Month transpiration ends (from monthly mean tmin threshold).

TYPE: ParameterEntry or None

PwsDomainConfig

Bases: BaseModel

Define the spatial domain for pywatershed model setup.

Point to pre-existing fabric and segment files on disk. hydro-param does NOT fetch or subset fabrics — use pynhd or pygeohydro upstream.

ATTRIBUTE DESCRIPTION
fabric_path

Path to the HRU fabric file (GeoPackage or GeoParquet).

TYPE: Path

segment_path

Path to the segment/flowline file for routing topology.

TYPE: Path or None

waterbody_path

Path to NHDPlus waterbody polygon file (GeoPackage or GeoParquet) for depression storage overlay (step 6). Must contain an ftype column with values like "LakePond" and "Reservoir". When None, step 6 uses zero defaults.

TYPE: Path or None

id_field

Feature ID column name in the fabric (default "nhm_id").

TYPE: str

segment_id_field

Segment ID column name in the segment fabric (default "nhm_seg").

TYPE: str

Notes

The fabric_path must point to a pre-existing file produced by pynhd, pygeohydro, or similar upstream tools.

PwsTimeConfig

Bases: BaseModel

Define the simulation time period for pywatershed.

ATTRIBUTE DESCRIPTION
start

Simulation start date in ISO format (e.g., "1980-10-01"). Typically a water-year boundary for PRMS.

TYPE: str

end

Simulation end date in ISO format (e.g., "1982-09-30").

TYPE: str

timestep

Temporal resolution. Only daily is currently supported, which matches PRMS's native timestep.

TYPE: {'daily'}

PwsParameterOverrides

Bases: BaseModel

Specify manual overrides for derived parameter values.

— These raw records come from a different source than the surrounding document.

(* Let $\lambda\in P_I^+$ and $\mu\in P$ with $\mu_+=\lambda_+$. If $\mu<_\emptyset\lambda$, then $\mu_{I,+}<_\emptyset\lambda$.
   Context: Let $\mathfrak a$ be a Euclidean space with inner product $(\cdot,\cdot)$, $R\subset\mathfrak a^*$ a root system with Weyl group $W$, positive roots $R^+$, simple roots $\Pi$, simple reflections $S$, Bruhat order $\le_W$. Let $P$ be the weight lattice and $P^+$ the dominant weights. For $\lambda\in P$ let $\lambda_+$ be the unique element of $W\lambda\cap P^+$ and $\overline v(\lambda)$ the minimal length element of $W$ with $\overline v(\lambda)\lambda_+=\lambda$. Write $\lambda\preceq\mu$ iff $\mu-\lambda\in\sum_{\alpha\in\Pi}\mathbb Z_{\ge0}\alpha$, and define $\lambda\le_\emptyset\mu$ iff $\lambda_+\preceq\mu_+$ and, in case $\lambda_+=\mu_+$, $\overline v(\lambda)\le_W\overline v(\mu)$; $<_\emptyset$ denotes the strict version. Let $I\subset S$, $W_I$ the parabolic subgroup generated by $I$, $R_I^+$ its positive roots, $P_I^+=\{\lambda\in P:(\lambda,\alpha)\ge0\ \forall\alpha\in R_I^+\}$, and for $\mu\in P$ let $\mu_{I,+}$ be the unique element of $W_I\mu\cap P_I^+$. *)

theory Defs
  imports "HOL-Analysis.Analysis"
begin

text \<open>The Euclidean space a is a type of class euclidean_space; the dual a* is
identified with a via the inner product.\<close>

definition rfl :: "'a::euclidean_space \<Rightarrow> 'a \<Rightarrow> 'a" where
  "rfl \<alpha> x = x - (2 * (x \<bullet> \<alpha>) / (\<alpha> \<bullet> \<alpha>)) *\<^sub>R \<alpha>"

definition root_system :: "'a::euclidean_space set \<Rightarrow> bool" where
  "root_system R \<longleftrightarrow> finite R \<and> 0 \<notin> R \<and> span R = UNIV \<and>
     (\<forall>\<alpha>\<in>R. rfl \<alpha> ` R = R) \<and>
     (\<forall>\<alpha>\<in>R. \<forall>\<beta>\<in>R. 2 * (\<beta> \<bullet> \<alpha>) / (\<alpha> \<bullet> \<alpha>) \<in> \<int>)"

definition nn_comb :: "'a::euclidean_space set \<Rightarrow> 'a \<Rightarrow> bool" where
  "nn_comb Sr x \<longleftrightarrow> (\<exists>c::'a \<Rightarrow> nat. x = (\<Sum>\<alpha>\<in>Sr. real (c \<alpha>) *\<^sub>R \<alpha>))"

definition is_base :: "'a::euclidean_space set \<Rightarrow> 'a set \<Rightarrow> bool" where
  "is_base R Sr \<longleftrightarrow> Sr \<subseteq> R \<and> independent Sr \<and>
     (\<forall>\<beta>\<in>R. nn_comb Sr \<beta> \<or> nn_comb Sr (- \<beta>))"

definition pos_roots :: "'a::euclidean_space set \<Rightarrow> 'a set \<Rightarrow> 'a set" where
  "pos_roots R Sr = {\<beta>\<in>R. nn_comb Sr \<beta>}"

text \<open>Group generated by a set of maps (all of them involutions here).\<close>
inductive_set gen_by :: "('a \<Rightarrow> 'a) set \<Rightarrow> ('a \<Rightarrow> 'a) set" for T where
  gen_id: "id \<in> gen_by T"
| gen_step: "t \<in> T \<Longrightarrow> w \<in> gen_by T \<Longrightarrow> t \<circ> w \<in> gen_by T"

definition weyl :: "'a::euclidean_space set \<Rightarrow> ('a \<Rightarrow> 'a) set" where
  "weyl R = gen_by (rfl ` R)"

definition simple_refls :: "'a::euclidean_space set \<Rightarrow> ('a \<Rightarrow> 'a) set" where
  "simple_refls Sr = rfl ` Sr"

definition word_len :: "('a \<Rightarrow> 'a) set \<Rightarrow> ('a \<Rightarrow> 'a) \<Rightarrow> nat" where
  "word_len S w = (LEAST n. \<exists>ts. set ts \<subseteq> S \<and> length ts = n \<and> w = foldr (\<circ>) ts id)"

definition bruhat_step :: "'a::euclidean_space set \<Rightarrow> 'a set \<Rightarrow> ('a \<Rightarrow> 'a) \<Rightarrow> ('a \<Rightarrow> 'a) \<Rightarrow> bool" where
  "bruhat_step R Sr u w \<longleftrightarrow> u \<in> weyl R \<and> w \<in> weyl R \<and>
     (\<exists>\<alpha>\<in>R. w = rfl \<alpha> \<circ> u) \<and>
     word_len (simple_refls Sr) u < word_len (simple_refls Sr) w"

definition bruhat_le :: "'a::euclidean_space set \<Rightarrow> 'a set \<Rightarrow> ('a \<Rightarrow> 'a) \<Rightarrow> ('a \<Rightarrow> 'a) \<Rightarrow> bool" where
  "bruhat_le R Sr = (bruhat_step R Sr)\<^sup>*\<^sup>*"

definition weight_lattice :: "'a::euclidean_space set \<Rightarrow> 'a set" where
  "weight_lattice R = {x. \<forall>\<alpha>\<in>R. 2 * (x \<bullet> \<alpha>) / (\<alpha> \<bullet> \<alpha>) \<in> \<int>}"

definition dominant :: "'a::euclidean_space set \<Rightarrow> 'a set \<Rightarrow> 'a set" where
  "dominant R Sr = {x \<in> weight_lattice R. \<forall>\<alpha>\<in>pos_roots R Sr. x \<bullet> \<alpha> \<ge> 0}"

text \<open>lambda_+ : the unique dominant element of the W-orbit.\<close>
definition dom_rep :: "'a::euclidean_space set \<Rightarrow> 'a set \<Rightarrow> 'a \<Rightarrow> 'a" where
  "dom_rep R Sr x = (THE y. y \<in> dominant R Sr \<and> (\<exists>w\<in>weyl R. w x = y))"

definition vbar :: "'a::euclidean_space set \<Rightarrow> 'a set \<Rightarrow> 'a \<Rightarrow> ('a \<Rightarrow> 'a)" where
  "vbar R Sr x = (THE w. w \<in> weyl R \<and> w (dom_rep R Sr x) = x \<and>
      (\<forall>w'\<in>weyl R. w' (dom_rep R Sr x) = x \<longrightarrow>
          word_len (simple_refls Sr) w \<le> word_len (simple_refls Sr) w'))"

definition dom_order :: "'a::euclidean_space set \<Rightarrow> 'a \<Rightarrow> 'a \<Rightarrow> bool" where
  "dom_order Sr x y \<longleftrightarrow> nn_comb Sr (y - x)"

definition le_empty :: "'a::euclidean_space set \<Rightarrow> 'a set \<Rightarrow> 'a \<Rightarrow> 'a \<Rightarrow> bool" where
  "le_empty R Sr x y \<longleftrightarrow> dom_order Sr (dom_rep R Sr x) (dom_rep R Sr y) \<and>
     (dom_rep R Sr x = dom_rep R Sr y \<longrightarrow> bruhat_le R Sr (vbar R Sr x) (vbar R Sr y))"

definition less_empty :: "'a::euclidean_space set \<Rightarrow> 'a set \<Rightarrow> 'a \<Rightarrow> 'a \<Rightarrow> bool" where
  "less_empty R Sr x y \<longleftrightarrow> le_empty R Sr x y \<and> x \<noteq> y"

definition par_simple :: "'a::euclidean_space set \<Rightarrow> ('a \<Rightarrow> 'a) set \<Rightarrow> 'a set" where
  "par_simple Sr I = {\<alpha>\<in>Sr. rfl \<alpha> \<in> I}"

definition par_pos_roots :: "'a::euclidean_space set \<Rightarrow> 'a set \<Rightarrow> ('a \<Rightarrow> 'a) set \<Rightarrow> 'a set" where
  "par_pos_roots R Sr I = {\<beta>\<in>R. nn_comb (par_simple Sr I) \<beta>}"

definition par_weyl :: "('a \<Rightarrow> 'a) set \<Rightarrow> ('a \<Rightarrow> 'a) set" where
  "par_weyl I = gen_by I"

definition par_dominant :: "'a::euclidean_space set \<Rightarrow> 'a set \<Rightarrow> ('a \<Rightarrow> 'a) set \<Rightarrow> 'a set" where
  "par_dominant R Sr I = {x \<in> weight_lattice R. \<forall>\<alpha>\<in>par_pos_roots R Sr I. x \<bullet> \<alpha> \<ge> 0}"

definition par_rep :: "'a::euclidean_space set \<Rightarrow> 'a set \<Rightarrow> ('a \<Rightarrow> 'a) set \<Rightarrow> 'a \<Rightarrow> 'a" where
  "par_rep R Sr I x = (THE y. y \<in> par_dominant R Sr I \<and> (\<exists>w\<in>par_weyl I. w x = y))"

end

theory Submission
  imports Defs
begin

text \<open>
  Let \<rho> = \<mu>_+ and let v = v-bar(\<mu>) be the shortest element of W with v \<rho> = \<mu>. If \<mu> is not
  I-dominant, choose a simple root \<alpha> of I with (\<mu>, \<alpha>) < 0. By the deletion condition
  s_\<alpha> v is shorter than v, and it is the shortest element carrying \<rho> to s_\<alpha> \<mu>; hence
  v-bar(s_\<alpha> \<mu>) = s_\<alpha> v lies below v-bar(\<mu>) in the Bruhat order. As s_\<alpha> \<mu> is negative on
  fewer positive roots, iterating reaches \<mu>_{I,+} with v-bar(\<mu>_{I,+}) \<le> v-bar(\<mu>) \<le> v-bar(\<lambda>).
  If \<mu>_{I,+} were \<lambda>, then v-bar(\<mu>) = v-bar(\<lambda>) by comparing lengths, so \<mu> = \<lambda>.

  The descriptions of \<lambda>_+ and v-bar are well defined because dominant conjugates and
  shortest elements over a dominant weight are unique; both facts also rest on the
  deletion condition.
\<close>

section \<open>Reflections\<close>

lemma rfl_rfl: "(\<alpha>::'a::euclidean_space) \<noteq> 0 \<Longrightarrow> rfl \<alpha> (rfl \<alpha> x) = x"
  unfolding rfl_def by (simp add: inner_diff_left algebra_simps)

lemma rfl_self: "(\<alpha>::'a::euclidean_space) \<noteq> 0 \<Longrightarrow> rfl \<alpha> \<alpha> = - \<alpha>"
  unfolding rfl_def by (simp add: algebra_simps scaleR_2)

lemma rfl_scaleR: "c \<noteq> 0 \<Longrightarrow> rfl (c *\<^sub>R (\<alpha>::'a::euclidean_space)) = rfl \<alpha>"
  unfolding rfl_def by (rule ext) (simp add: field_simps power2_eq_square)

lemma rfl_uminus: "rfl (- (\<alpha>::'a::euclidean_space)) = rfl \<alpha>"
  using rfl_scaleR[of "-1" \<alpha>] by simp

lemma rfl_orthogonal: "x \<bullet> \<alpha> = 0 \<Longrightarrow> rfl \<alpha> x = x"
  unfolding rfl_def by simp

lemma inner_rfl_rfl: "(\<alpha>::'a::euclidean_space) \<noteq> 0 \<Longrightarrow> rfl \<alpha> x \<bullet> rfl \<alpha> y = x \<bullet> y"
  unfolding rfl_def by (simp add: inner_diff_left inner_diff_right inner_commute field_simps)

lemma inner_rfl_left_self: "(\<alpha>::'a::euclidean_space) \<noteq> 0 \<Longrightarrow> rfl \<alpha> x \<bullet> \<alpha> = - (x \<bullet> \<alpha>)"
  unfolding rfl_def by (simp add: inner_diff_left)

lemma linear_rfl: "linear (rfl (\<alpha>::'a::euclidean_space))"
  unfolding rfl_def
  by (rule linearI) (simp_all add: inner_add_left algebra_simps add_divide_distrib scaleR_add_left)

lemma isometry_rfl:
  fixes a :: "'a::euclidean_space \<Rightarrow> 'a"
  assumes "linear a" "\<And>x y. a x \<bullet> a y = x \<bullet> y"
  shows "a (rfl \<beta> x) = rfl (a \<beta>) (a x)"
  using assms unfolding rfl_def by (simp add: linear_diff linear_scale)

lemma rfl_rfl_conj:
  assumes "(\<alpha>::'a::euclidean_space) \<noteq> 0"
  shows "rfl (rfl \<alpha> \<beta>) = rfl \<alpha> \<circ> rfl \<beta> \<circ> rfl \<alpha>"
proof
  fix z
  have "rfl \<alpha> (rfl \<beta> (rfl \<alpha> z)) = rfl (rfl \<alpha> \<beta>) (rfl \<alpha> (rfl \<alpha> z))"
    using isometry_rfl[OF linear_rfl inner_rfl_rfl[OF assms]] .
  then show "rfl (rfl \<alpha> \<beta>) z = (rfl \<alpha> \<circ> rfl \<beta> \<circ> rfl \<alpha>) z" using rfl_rfl[OF assms] by simp
qed

section \<open>Groups generated by involutions\<close>

definition comp_list :: "('a \<Rightarrow> 'a) list \<Rightarrow> 'a \<Rightarrow> 'a" where
  "comp_list ts = foldr (\<circ>) ts id"

lemma comp_list_Nil [simp]: "comp_list [] = id"
  by (simp add: comp_list_def)

lemma comp_list_Cons [simp]: "comp_list (t # ts) = t \<circ> comp_list ts"
  by (simp add: comp_list_def)

lemma word_len_eq_Least: "word_len T w = (LEAST n. \<exists>ts. set ts \<subseteq> T \<and> length ts = n \<and> w = comp_list ts)"
  unfolding word_len_def comp_list_def ..

lemma gen_by_generator: "t \<in> T \<Longrightarrow> t \<in> gen_by T"
  using gen_by.gen_step[OF _ gen_by.gen_id] by fastforce

lemma gen_by_comp: "u \<in> gen_by T \<Longrightarrow> w \<in> gen_by T \<Longrightarrow> u \<circ> w \<in> gen_by T"
  by (induction u rule: gen_by.induct) (auto simp: comp_assoc intro: gen_by.intros)

lemma gen_by_mono: "w \<in> gen_by T \<Longrightarrow> T \<subseteq> T' \<Longrightarrow> w \<in> gen_by T'"
  by (induction w rule: gen_by.induct) (auto intro: gen_by.intros)

lemma gen_by_subgroup: "w \<in> gen_by T \<Longrightarrow> T \<subseteq> gen_by T' \<Longrightarrow> w \<in> gen_by T'"
  by (induction w rule: gen_by.induct) (auto intro: gen_by.intros gen_by_comp)

lemma gen_by_preserves:
  "w \<in> gen_by T \<Longrightarrow> (\<And>t x. t \<in> T \<Longrightarrow> x \<in> A \<Longrightarrow> t x \<in> A) \<Longrightarrow> x \<in> A \<Longrightarrow> w x \<in> A"
  by (induction w rule: gen_by.induct) auto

Allow users to inject known-good values (e.g., from calibration) that bypass the standard derivation pipeline. Overrides are applied after all other derivation steps complete.

ATTRIBUTE DESCRIPTION
values

Parameter name to scalar or per-HRU value mapping. Scalars are broadcast to all HRUs. List values must match the number of HRUs in the fabric.

TYPE: dict[str, float | list[float]]

from_file

Path to a NetCDF or CSV file containing override values. Not yet implemented.

TYPE: Path or None

PwsCalibrationConfig

Bases: BaseModel

Configure calibration seed generation for PRMS parameters.

PRMS calibration parameters (e.g., carea_max, soil_moist_max, K_coef) need physically plausible initial values. This config controls whether and how those seeds are generated.

ATTRIBUTE DESCRIPTION
generate_seeds

Whether to generate calibration seed values. Default True.

TYPE: bool

seed_method

"physically_based" derives seeds from GIS data (e.g., carea_max from impervious fraction). "all_defaults" uses PRMS default values for all calibration parameters.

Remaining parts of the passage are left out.